definition Wword :: "nat list \<Rightarrow> ncpoly" where
  "Wword s = ncprod ([ncpow ncpi (hd s - 1), ncrho, ncy]
                     @ concat (map (\<lambda>k. [ncpow ncpi k, ncy]) (tl s)))"

definition zIII_series :: "complex \<Rightarrow> nat list \<Rightarrow> complex" where
  "zIII_series q s =
     infsum (\<lambda>ks. q ^ (hd ks) / (\<Prod>j<length s. (1 - q ^ (ks ! j)) ^ (s ! j)))
       {ks. length ks = length s \<and> sorted_wrt (>) ks \<and> (\<forall>k\<in>set ks. k > 0)}"

definition zIII :: "complex \<Rightarrow> ncpoly \<Rightarrow> complex" where
  "zIII q v = (SOME r. \<exists>c :: nat list \<Rightarrow> rat.
      finite {s. c s \<noteq> 0} \<and> (\<forall>s. c s \<noteq> 0 \<longrightarrow> admissible s) \<and>
      v = (\<lambda>w. \<Sum>s\<in>{s. c s \<noteq> 0}. c s * Wword s w) \<and>
      r = (\<Sum>s\<in>{s. c s \<noteq> 0}. of_rat (c s) * zIII_series q s))"

end

theory Submission
  imports Defs
begin

text \<open>Truncating every summation at \<open>N\<close> turns \<open>\<zeta>\<^sub>q\<^sup>I\<^sup>I\<^sup>I\<close> into a linear functional on all
  of \<open>\<rat>\<langle>\<pi>,y\<rangle>\<close>: words act on functions \<open>h\<close> of an exponent \<open>S\<close>, with \<open>\<rho> = \<pi> - 1\<close> acting as
  the shift sum \<open>h \<mapsto> \<Sum>m=1..N. h (S + m)\<close> and \<open>y\<close> as multiplication by \<open>\<Sum>u=1..N. q ^ (S u)\<close>.
  For a word in \<open>\<rho>\<close> and \<open>y\<close> the truncated value is a finite sum that is invariant under
  reversing the word and exchanging \<open>\<rho>\<close> with \<open>y\<close>, i.e. under \<open>X \<mapsto> X\<^sup>\<or>\<close>. On the other hand the
  truncated value of \<open>W(s)\<close> differs termwise from the partial sums of \<open>\<zeta>\<^sub>q\<^sup>I\<^sup>I\<^sup>I[s]\<close> by factors
  \<open>1 + O(|q| ^ N)\<close>, so by absolute convergence it tends to \<open>\<zeta>\<^sub>q\<^sup>I\<^sup>I\<^sup>I[s]\<close>. Hence the values of \<open>X\<close>
  and \<open>X\<^sup>\<or>\<close>, both in the span of the \<open>W(s)\<close>, are limits of one and the same sequence.\<close>

section \<open>Multiplication by letters\<close>

definition ncsupp :: "ncpoly \<Rightarrow> letter list set" where
  "ncsupp p = {w. p w \<noteq> 0}"

definition ncmonom :: "letter list \<Rightarrow> ncpoly" where
  "ncmonom v = (\<lambda>w. if w = v then 1 else 0)"

definition nc_lmult :: "letter \<Rightarrow> ncpoly \<Rightarrow> ncpoly" where
  "nc_lmult x M = (\<lambda>w. case w of [] \<Rightarrow> 0 | a # w' \<Rightarrow> if a = x then M w' else 0)"

definition nc_rho_mult :: "ncpoly \<Rightarrow> ncpoly" where
  "nc_rho_mult M = ncsub (nc_lmult LPi M) M"

lemma ncpoly_fin_iff_finite_ncsupp: "ncpoly_fin p \<longleftrightarrow> finite (ncsupp p)"
  by (simp add: ncpoly_fin_def ncsupp_def)

lemma ncone_eq_ncmonom: "ncone = ncmonom []"
  and ncpi_eq_ncmonom: "ncpi = ncmonom [LPi]"
  and ncy_eq_ncmonom: "ncy = ncmonom [LY]"
  by (simp_all add: ncone_def ncpi_def ncy_def ncmonom_def)

lemma ncmult_ncone_left: "ncmult ncone M = M"
proof
  fix w
  have "ncmult ncone M w = (\<Sum>i\<le>length w. if i = 0 then M w else 0)"
    unfolding ncmult_def ncone_def by (rule sum.cong) auto
  then show "ncmult ncone M w = M w" by simp
qed

lemma ncmult_ncsub_left: "ncmult (ncsub P R) M = ncsub (ncmult P M) (ncmult R M)"
  unfolding ncmult_def ncsub_def by (auto simp: algebra_simps sum_subtractf)

lemma ncmult_split_first:
  "ncmult P M (a # w) = P [] * M (a # w) + (\<Sum>i\<le>length w. P (a # take i w) * M (drop i w))"
  unfolding ncmult_def length_Cons sum.atMost_Suc_shift by simp

lemma ncmult_ncmonom_letter: "ncmult (ncmonom [x]) M = nc_lmult x M"
proof
  fix w
  show "ncmult (ncmonom [x]) M w = nc_lmult x M w"
  proof (cases w)
    case Nil
    then show ?thesis by (simp add: ncmult_def ncmonom_def nc_lmult_def)
  next
    case (Cons a w')
    have "(\<Sum>i\<le>length w'. ncmonom [x] (a # take i w') * M (drop i w'))
        = (\<Sum>i\<le>length w'. if i = 0 then (if a = x then M w' else 0) else 0)"
      by (rule sum.cong) (auto simp: ncmonom_def)
    then show ?thesis by (simp add: Cons ncmult_split_first ncmonom_def nc_lmult_def)
  qed
qed

lemma ncmult_nc_lmult_left: "ncmult (nc_lmult x R) M = nc_lmult x (ncmult R M)"
proof
  fix w
  show "ncmult (nc_lmult x R) M w = nc_lmult x (ncmult R M) w"
    by (cases w) (simp_all only: ncmult_split_first, auto simp: ncmult_def nc_lmult_def)
qed

lemma ncmult_nc_rho_mult_left: "ncmult (nc_rho_mult R) M = nc_rho_mult (ncmult R M)"
  by (simp add: nc_rho_mult_def ncmult_ncsub_left ncmult_nc_lmult_left)

lemma ncmult_ncrho_left: "ncmult ncrho M = nc_rho_mult M"
  by (simp add: ncrho_def ncpi_eq_ncmonom ncmult_ncsub_left ncmult_ncmonom_letter
      flip: ncone_eq_ncmonom) (simp add: ncmult_ncone_left nc_rho_mult_def)

lemma ncmult_ncpow_ncpi_left: "ncmult (ncpow ncpi k) M = (nc_lmult LPi ^^ k) M"
  by (induction k) (simp_all add: ncpow_def ncmult_ncone_left ncpi_eq_ncmonom
      ncmult_ncmonom_letter ncmult_nc_lmult_left)

lemma ncmult_ncpow_ncy_left: "ncmult (ncpow ncy k) M = (nc_lmult LY ^^ k) M"
  by (induction k) (simp_all add: ncpow_def ncmult_ncone_left ncy_eq_ncmonom
      ncmult_ncmonom_letter ncmult_nc_lmult_left)

lemma ncmult_ncpow_ncrho_left: "ncmult (ncpow ncrho k) M = (nc_rho_mult ^^ k) M"
  by (induction k) (simp_all add: ncpow_def ncmult_ncone_left ncmult_ncrho_left
      ncmult_nc_rho_mult_left)

lemma nc_lmult_ncmonom: "nc_lmult x (ncmonom v) = ncmonom (x # v)"
  unfolding nc_lmult_def ncmonom_def by (auto split: list.splits)

lemma funpow_nc_lmult_ncmonom: "(nc_lmult x ^^ k) (ncmonom v) = ncmonom (replicate k x @ v)"
  by (induction k) (simp_all add: nc_lmult_ncmonom)

lemma funpow_nc_lmult_nc_rho_mult:
  "(nc_lmult LPi ^^ k) (nc_rho_mult M) = nc_rho_mult ((nc_lmult LPi ^^ k) M)"
proof -
  have "nc_lmult x (ncsub A B) = ncsub (nc_lmult x A) (nc_lmult x B)" for x A B
    unfolding nc_lmult_def ncsub_def by (auto split: list.splits)
  then show ?thesis by (induction k) (simp_all add: nc_rho_mult_def)
qed

lemma ncsupp_ncmonom: "ncsupp (ncmonom v) = {v}"
  by (auto simp: ncsupp_def ncmonom_def)

lemma ncsupp_nc_lmult: "ncsupp (nc_lmult x M) = Cons x ` ncsupp M"
proof -
  have "nc_lmult x M w \<noteq> 0 \<longleftrightarrow> (\<exists>w'. w = x # w' \<and> M w' \<noteq> 0)" for w
    by (cases w) (auto simp: nc_lmult_def)
  then show ?thesis by (auto simp: ncsupp_def)
qed

lemma ncsupp_ncsub: "ncsupp (ncsub A B) \<subseteq> ncsupp A \<union> ncsupp B"
  by (auto simp: ncsupp_def ncsub_def)

lemma ncsupp_nc_rho_mult: "ncsupp (nc_rho_mult M) \<subseteq> Cons LPi ` ncsupp M \<union> ncsupp M"
  using ncsupp_ncsub[of "nc_lmult LPi M" M] by (simp add: nc_rho_mult_def ncsupp_nc_lmult)

lemma ncpoly_fin_ncmonom: "ncpoly_fin (ncmonom v)"
  by (simp add: ncpoly_fin_iff_finite_ncsupp ncsupp_ncmonom)

lemma ncpoly_fin_nc_lmult: "ncpoly_fin M \<Longrightarrow> ncpoly_fin (nc_lmult x M)"
  by (simp add: ncpoly_fin_iff_finite_ncsupp ncsupp_nc_lmult)

lemma ncpoly_fin_nc_rho_mult: "ncpoly_fin M \<Longrightarrow> ncpoly_fin (nc_rho_mult M)"
  by (simp add: ncpoly_fin_iff_finite_ncsupp finite_subset[OF ncsupp_nc_rho_mult])

lemma ncpoly_fin_funpow_nc_lmult: "ncpoly_fin M \<Longrightarrow> ncpoly_fin ((nc_lmult x ^^ k) M)"
  by (induction k) (simp_all add: ncpoly_fin_nc_lmult)

lemma ncpoly_fin_funpow_nc_rho_mult: "ncpoly_fin M \<Longrightarrow> ncpoly_fin ((nc_rho_mult ^^ k) M)"
  by (induction k) (simp_all add: ncpoly_fin_nc_rho_mult)

section \<open>Truncated evaluation and its duality\<close>

definition shift_sum :: "nat \<Rightarrow> complex \<Rightarrow> nat \<Rightarrow> (nat \<Rightarrow> complex) \<Rightarrow> nat \<Rightarrow> complex" where
  "shift_sum N q T h = (\<lambda>S. \<Sum>m=1..N. q ^ (T * m) * h (S + m))"

definition pi_op :: "nat \<Rightarrow> complex \<Rightarrow> (nat \<Rightarrow> complex) \<Rightarrow> nat \<Rightarrow> complex" where
  "pi_op N q h = (\<lambda>S. h S + shift_sum N q 0 h S)"

definition y_op :: "nat \<Rightarrow> complex \<Rightarrow> (nat \<Rightarrow> complex) \<Rightarrow> nat \<Rightarrow> complex" where
  "y_op N q h = (\<lambda>S. (\<Sum>u=1..N. q ^ (S * u)) * h S)"

fun letter_op :: "nat \<Rightarrow> complex \<Rightarrow> letter \<Rightarrow> (nat \<Rightarrow> complex) \<Rightarrow> nat \<Rightarrow> complex" where
  "letter_op N q LPi = pi_op N q"
| "letter_op N q LY = y_op N q"

definition word_op :: "nat \<Rightarrow> complex \<Rightarrow> letter list \<Rightarrow> (nat \<Rightarrow> complex) \<Rightarrow> nat \<Rightarrow> complex" where
  "word_op N q w = foldr (letter_op N q) w"

definition trunc_eval :: "nat \<Rightarrow> complex \<Rightarrow> ncpoly \<Rightarrow> (nat \<Rightarrow> complex) \<Rightarrow> nat \<Rightarrow> complex" where
  "trunc_eval N q p h = (\<lambda>S. \<Sum>w\<in>ncsupp p. of_rat (p w) * word_op N q w h S)"

lemma word_op_Nil [simp]: "word_op N q [] h = h"
  and word_op_Cons [simp]: "word_op N q (x # w) h = letter_op N q x (word_op N q w h)"
  by (simp_all add: word_op_def)

lemma word_op_append: "word_op N q (u @ v) h = word_op N q u (word_op N q v h)"
  by (simp add: word_op_def)

lemma shift_sum_sum:
  "shift_sum N q T (\<lambda>S. \<Sum>w\<in>F. c w * g w S) = (\<lambda>S. \<Sum>w\<in>F. c w * shift_sum N q T (g w) S)"
  unfolding shift_sum_def by (simp add: sum_distrib_left mult.left_commute) (subst sum.swap, rule refl)

lemma y_op_sum:
  "y_op N q (\<lambda>S. \<Sum>w\<in>F. c w * g w S) = (\<lambda>S. \<Sum>w\<in>F. c w * y_op N q (g w) S)"
  by (simp add: y_op_def sum_distrib_left mult.left_commute)

lemma letter_op_sum:
  "letter_op N q x (\<lambda>S. \<Sum>w\<in>F. c w * g w S) = (\<lambda>S. \<Sum>w\<in>F. c w * letter_op N q x (g w) S)"
proof (cases x)
  case LPi
  then show ?thesis by (simp add: pi_op_def shift_sum_sum sum.distrib algebra_simps)
next
  case LY
  then show ?thesis by (simp add: y_op_sum)
qed

lemma trunc_eval_superset:
  assumes "finite A" "ncsupp p \<subseteq> A"
  shows "trunc_eval N q p h S = (\<Sum>w\<in>A. of_rat (p w) * word_op N q w h S)"
  unfolding trunc_eval_def by (rule sum.mono_neutral_left) (use assms in \<open>auto simp: ncsupp_def\<close>)

lemma trunc_eval_ncsub:
  assumes "ncpoly_fin A" "ncpoly_fin B"
  shows "trunc_eval N q (ncsub A B) h = (\<lambda>S. trunc_eval N q A h S - trunc_eval N q B h S)"
proof
  fix S
  let ?U = "ncsupp A \<union> ncsupp B"
  have U: "finite ?U" using assms by (simp add: ncpoly_fin_iff_finite_ncsupp)
  have "trunc_eval N q (ncsub A B) h S = (\<Sum>w\<in>?U. of_rat (ncsub A B w) * word_op N q w h S)"
    by (rule trunc_eval_superset[OF U ncsupp_ncsub])
  also have "\<dots> = (\<Sum>w\<in>?U. of_rat (A w) * word_op N q w h S)
                - (\<Sum>w\<in>?U. of_rat (B w) * word_op N q w h S)"
    by (simp add: ncsub_def of_rat_diff algebra_simps sum_subtractf)
  also have "\<dots> = trunc_eval N q A h S - trunc_eval N q B h S"
    by (simp add: trunc_eval_superset[OF U])
  finally show "trunc_eval N q (ncsub A B) h S = trunc_eval N q A h S - trunc_eval N q B h S" .
qed

lemma trunc_eval_ncmonom: "trunc_eval N q (ncmonom v) h = word_op N q v h"
  by (simp add: trunc_eval_def ncsupp_ncmonom) (simp add: ncmonom_def)

lemma trunc_eval_ncone: "trunc_eval N q ncone h = h"
  by (simp add: ncone_eq_ncmonom trunc_eval_ncmonom)

lemma trunc_eval_nc_lmult:
  assumes "ncpoly_fin M"
  shows "trunc_eval N q (nc_lmult x M) h = letter_op N q x (trunc_eval N q M h)"
proof -
  have "trunc_eval N q (nc_lmult x M) h
      = (\<lambda>S. \<Sum>w\<in>Cons x ` ncsupp M. of_rat (nc_lmult x M w) * word_op N q w h S)"
    by (simp add: trunc_eval_def ncsupp_nc_lmult)
  also have "\<dots> = (\<lambda>S. \<Sum>w\<in>ncsupp M. of_rat (M w) * letter_op N q x (word_op N q w h) S)"
    by (simp add: sum.reindex nc_lmult_def)
  also have "\<dots> = letter_op N q x (trunc_eval N q M h)"
    unfolding trunc_eval_def letter_op_sum ..
  finally show ?thesis .
qed

lemma trunc_eval_nc_rho_mult:
  "ncpoly_fin M \<Longrightarrow> trunc_eval N q (nc_rho_mult M) h = shift_sum N q 0 (trunc_eval N q M h)"
  by (simp add: nc_rho_mult_def trunc_eval_ncsub ncpoly_fin_nc_lmult trunc_eval_nc_lmult pi_op_def)

lemma trunc_eval_funpow_nc_lmult:
  "ncpoly_fin M \<Longrightarrow> trunc_eval N q ((nc_lmult x ^^ k) M) h = (letter_op N q x ^^ k) (trunc_eval N q M h)"
  by (induction k) (simp_all add: trunc_eval_nc_lmult ncpoly_fin_funpow_nc_lmult)

lemma trunc_eval_funpow_nc_rho_mult:
  "ncpoly_fin M \<Longrightarrow> trunc_eval N q ((nc_rho_mult ^^ k) M) h = (shift_sum N q 0 ^^ k) (trunc_eval N q M h)"
  by (induction k) (simp_all add: trunc_eval_nc_rho_mult ncpoly_fin_funpow_nc_rho_mult)

text \<open>\<open>True\<close> stands for \<open>\<rho>\<close> and \<open>False\<close> for \<open>y\<close>. The weight \<open>q ^ (T m)\<close> introduces the
  variable \<open>T\<close> that duality exchanges with \<open>S\<close>; \<open>T = 0\<close> gives the truncated evaluation.\<close>
definition rho_y_op :: "nat \<Rightarrow> complex \<Rightarrow> bool list \<Rightarrow> nat \<Rightarrow> (nat \<Rightarrow> complex) \<Rightarrow> nat \<Rightarrow> complex" where
  "rho_y_op N q c T = foldr (\<lambda>b. if b then shift_sum N q T else y_op N q) c"

definition rho_y_value :: "nat \<Rightarrow> complex \<Rightarrow> bool list \<Rightarrow> nat \<Rightarrow> nat \<Rightarrow> complex" where
  "rho_y_value N q c S T = rho_y_op N q c T (\<lambda>_. 1) S"

lemma rho_y_op_Nil [simp]: "rho_y_op N q [] T h = h"
  and rho_y_op_Cons [simp]:
    "rho_y_op N q (b # c) T h = (if b then shift_sum N q T else y_op N q) (rho_y_op N q c T h)"
  by (simp_all add: rho_y_op_def)

lemma rho_y_op_append: "rho_y_op N q (c @ d) T h = rho_y_op N q c T (rho_y_op N q d T h)"
  by (simp add: rho_y_op_def)

lemma rho_y_op_replicate:
  "rho_y_op N q (replicate k b @ d) T h = ((if b then shift_sum N q T else y_op N q) ^^ k) (rho_y_op N q d T h)"
  by (induction k) simp_all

========================

• WHAT TO DO: Search the records above for "that". Copy each line where it is found.

• WRITTEN SOLUTION:
  For a word in \<open>\<rho>\<close> and \<open>y\<close> the truncated value is a finite sum that is invariant under
  variable \<open>T\<close> that duality exchanges with \<open>S\<close>; \<open>T = 0\<close> gives the truncated evaluation.\<close>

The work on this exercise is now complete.